Improvement in motor symptoms and at least some nonmotor symptoms (pain, sleep, mood, sensory and gastrointestinal symptoms), overall improvement and increase in patient autonomy (E);
Subjective improvement according to expectations reported by the patient;
Improvement according to expectations, reported by the caregiver;
Good treatment tolerability.
• Phase of percutaneous endoscopic gastrostomy
In most cases, PEG is performed during patient admission. Alternatively, patient may be discharged on LCIG administered through nasojejunal catheter and attend the endoscopy department on a scheduled date.
Before PEG is performed, preoperative tests (laboratory tests including coagulation, ECG and chest x-ray) and assessment by an anesthesiologist may be required. Patient preparation before surgery include fasting for 8 h, mouth and throat preparation (including denture removal), insertion of a peripheral venous line and administration of prophylactic antibiotics [50]. Patients with LCIG delivered through a gastrointestinal catheter arrive to the endoscopy/operating room with the pump functioning. Before the procedure is started, infusion is stopped and the catheter is removed.
The PEG procedure includes surgical field preparation, anesthetic sedation, high gastrointestinal endoscopy, trans-illumination, puncture under endoscopic monitoring, guidewire recovery through the mouth, insertion of the gastrostomy catheter through the mouth, retainer adjustment, insertion of enteral catheter through the gastrostomy catheter and its conduction until the distal part of the duodenum.
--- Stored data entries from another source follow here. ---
lemma (in group_action) action_inv_cancel:
  assumes "g \<in> carrier G" "x \<in> E"
  shows "\<phi> (inv g) (\<phi> g x) = x" and "\<phi> g (\<phi> (inv g) x) = x"
proof -
  interpret group G
    using group_hom group_hom.axioms(1) by auto
  show "\<phi> (inv g) (\<phi> g x) = x" "\<phi> g (\<phi> (inv g) x) = x"
    using composition_rule[OF assms(2) inv_closed[OF assms(1)] assms(1)]
      composition_rule[OF assms(2) assms(1) inv_closed[OF assms(1)]] action_one assms by simp_all
qed

section \<open>The construction M(Gamma, phi)\<close>

locale gain_linear_space =
  fixes Pts :: "'p set" and Lns :: "'b set" and Inc :: "('p \<times> 'b) set"
    and G :: "('g, 'm) monoid_scheme" and \<phi> :: "'p \<Rightarrow> 'b \<Rightarrow> 'g"
    and Lam :: "'l set" and act :: "'g \<Rightarrow> 'l \<Rightarrow> 'l"
  assumes linear: "linear_space Pts Lns Inc"
    and gain: "\<And>p b. (p, b) \<in> Inc \<Longrightarrow> \<phi> p b \<in> carrier G"
    and action: "group_action G Lam act"
    and Lam_ne: "Lam \<noteq> {}"
begin

interpretation Act: group_action G Lam act
  by (rule action)

interpretation G: group G
  using Act.group_hom group_hom.axioms(1) by blast

abbreviation "Mpts \<equiv> M_points Pts Lns Lam"
abbreviation "Mlns \<equiv> M_lines Pts Lam"
abbreviation "Minc \<equiv> M_inc Pts Lns Inc Lam \<phi> act"
abbreviation "\<rho> \<equiv> rho_lam G Lns Inc \<phi> act"

lemma incident_mem: "(p, b) \<in> Inc \<Longrightarrow> p \<in> Pts \<and> b \<in> Lns"
  by (rule linear_space_incident_mem[OF linear])

lemma act_gain_closed: "(q, b) \<in> Inc \<Longrightarrow> l \<in> Lam \<Longrightarrow> act (\<phi> q b) l \<in> Lam"
  using Act.element_image gain by blast

lemma Mpts_iff [simp]:
  "XP p \<in> Mpts \<longleftrightarrow> p \<in> Pts"
  "YP b l \<in> Mpts \<longleftrightarrow> b \<in> Lns \<and> l \<in> Lam"
  by (auto simp: M_points_def)

lemma Mlns_iff [simp]: "(q, \<mu>) \<in> Mlns \<longleftrightarrow> q \<in> Pts \<and> \<mu> \<in> Lam"
  by (auto simp: M_lines_def)

lemma Minc_iff [simp]:
  "(XP p, (q, \<mu>)) \<in> Minc \<longleftrightarrow> p = q \<and> p \<in> Pts \<and> \<mu> \<in> Lam"
  "(YP b l, (q, \<mu>)) \<in> Minc \<longleftrightarrow> b \<in> Lns \<and> l \<in> Lam \<and> (q, b) \<in> Inc \<and> \<mu> = act (\<phi> q b) l"
  by (auto simp: M_inc_def)

text \<open>For q on b, the point of the line z_{q,\<mu>} of M lying over b is YP b (lift q b \<mu>).\<close>

definition lift :: "'p \<Rightarrow> 'b \<Rightarrow> 'l \<Rightarrow> 'l"
  where "lift q b \<mu> = act (inv\<^bsub>G\<^esub> (\<phi> q b)) \<mu>"

lemma lift_in_Lam: "(q, b) \<in> Inc \<Longrightarrow> \<mu> \<in> Lam \<Longrightarrow> lift q b \<mu> \<in> Lam"
  unfolding lift_def using Act.element_image G.inv_closed gain by blast

lemma lift_act: "(q, b) \<in> Inc \<Longrightarrow> l \<in> Lam \<Longrightarrow> lift q b (act (\<phi> q b) l) = l"
  unfolding lift_def using Act.action_inv_cancel(1) gain by blast

lemma act_lift: "(q, b) \<in> Inc \<Longrightarrow> \<mu> \<in> Lam \<Longrightarrow> act (\<phi> q b) (lift q b \<mu>) = \<mu>"
  unfolding lift_def using Act.action_inv_cancel(2) gain by blast

lemma YP_on_line_iff:
  assumes "(q, b) \<in> Inc" "\<mu> \<in> Lam"
  shows "(YP b l, (q, \<mu>)) \<in> Minc \<longleftrightarrow> l = lift q b \<mu>"
  using assms incident_mem lift_in_Lam lift_act act_lift by auto

lemma rho_lam_eq_lift:
  assumes "(q, b) \<in> Inc" "p \<in> Pts" "p \<noteq> q" "l \<in> Lam"
  shows "\<rho> b p l q = act (\<phi> p (join Lns Inc p q)) (lift q (join Lns Inc p q) (act (\<phi> q b) l))"
proof -
  define b' where "b' = join Lns Inc p q"
  have "(p, b') \<in> Inc" "(q, b') \<in> Inc"
    using join_incident[OF linear \<open>p \<in> Pts\<close> _ \<open>p \<noteq> q\<close>] incident_mem[OF assms(1)]
    unfolding b'_def by auto
  then have "\<phi> p b' \<in> carrier G" "inv\<^bsub>G\<^esub> (\<phi> q b') \<in> carrier G" "\<phi> q b \<in> carrier G"
    using gain assms by auto
  then show ?thesis
    unfolding rho_lam_def rho_def lift_def Let_def b'_def[symmetric]
    using act_gain_closed assms by (simp add: Act.composition_rule)
qed

lemma rho_lam_in_Lam:
  assumes "q \<in> pts_on Pts Inc b" "p \<in> Pts" "(p, b) \<notin> Inc" "l \<in> Lam"
  shows "\<rho> b p l q \<in> Lam"
proof -
  have "(q, b) \<in> Inc" "p \<noteq> q"
    using assms unfolding pts_on_def by auto
  moreover have "(q, join Lns Inc p q) \<in> Inc" "(p, join Lns Inc p q) \<in> Inc"
    using join_incident[OF linear \<open>p \<in> Pts\<close> _ \<open>p \<noteq> q\<close>] incident_mem calculation by auto
  ultimately show ?thesis
    using rho_lam_eq_lift assms act_gain_closed lift_in_Lam by simp
qed

lemma M_incidence_structure: "incidence_structure Mpts Mlns Minc"
proof -
  obtain p l where "p \<in> Pts" "l \<in> Lam"
    using linear Lam_ne unfolding linear_space_def incidence_structure_def by blast
  then have "(XP p, (p, l)) \<in> Minc" "XP p \<in> Mpts" "(p, l) \<in> Mlns"
    by simp_all
  moreover have "Minc \<subseteq> Mpts \<times> Mlns"
    unfolding M_inc_def using incident_mem act_gain_closed by auto
  ultimately show ?thesis
    unfolding incidence_structure_def by blast
qed

lemma M_point_on_line: "x \<in> Mpts \<Longrightarrow> \<exists>z\<in>Mlns. (x, z) \<in> Minc"
proof (cases x)
  case (XP p)
  moreover obtain l where "l \<in> Lam"
    using Lam_ne by blast
  ultimately show "x \<in> Mpts \<Longrightarrow> ?thesis"
    by (intro bexI[of _ "(p, l)"]) auto
next
  case (YP b l)
  assume "x \<in> Mpts"
  then obtain q where "(q, b) \<in> Inc"
    using linear_space_two_points_on_line[OF linear] YP by auto
  then show ?thesis
    using YP \<open>x \<in> Mpts\<close> incident_mem act_gain_closed
    by (intro bexI[of _ "(q, act (\<phi> q b) l)"]) auto
qed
Detailed description of the PEG procedure and contraindications for PEG are provided in [50].
Once gastrostomy is performed and the pump is attached, the patient normally remains under observation before being transferred to the hospital ward. It is recommended that the patient stays at the hospital for 24–48 h to monitor and treat potential complications, adjust dose and watch response to intestinally delivered medication and educate the patient/caregiver on stoma and device care and pump management (P). Further details nursing management in the post-PEG process can be found in [50]. Table 3 shows some potential complications related to PEG.
Alternative outpatient models for PEG have been reported [59]. Patients can undergo endoscopic PEG-J placement as outpatients and be discharged 1–2 h after the placement is confirmed. The patients are provided with standard postinsertion monitoring information and assessed by the gastroenterologist on the following day. Some authors suggest that the patients return to the clinic off medication 2 weeks later for starting LCIG. LCIG can be initiated and titrated as daytime monotherapy or as adjunctive therapy with other anti-PD medications [60].
• Days subsequent to PEG (until discharge)
Potential complications should be monitored. If no complication occurs, patient may be discharged 24–48 h after PEG surgery. Nursing management of patients is of paramount importance [50].
The following should be done before discharge:
Appoint the next visit with the neurologist;
Provide material about LCIG to the patient/caregiver;
Provide an alternative oral levodopa regimen to use in case of pump failure;
Ensure contact for potential complications.
• Follow-up phase
Follow-up by the gastroenterologist
Often scheduled follow-up for regular patient monitoring will not be required. However, a gastroenterologist should be available to resolve potential complications. Table 4, 5 & 6 show the management of complications related to the gastrostomy and gastroduodenojejunal catheters [50].
The authors consider that the whole system (gastrostomy and gastro-duodenojejunal catheters) should be changed every 1.5–2 years, unless complications occur earlier (E) [50].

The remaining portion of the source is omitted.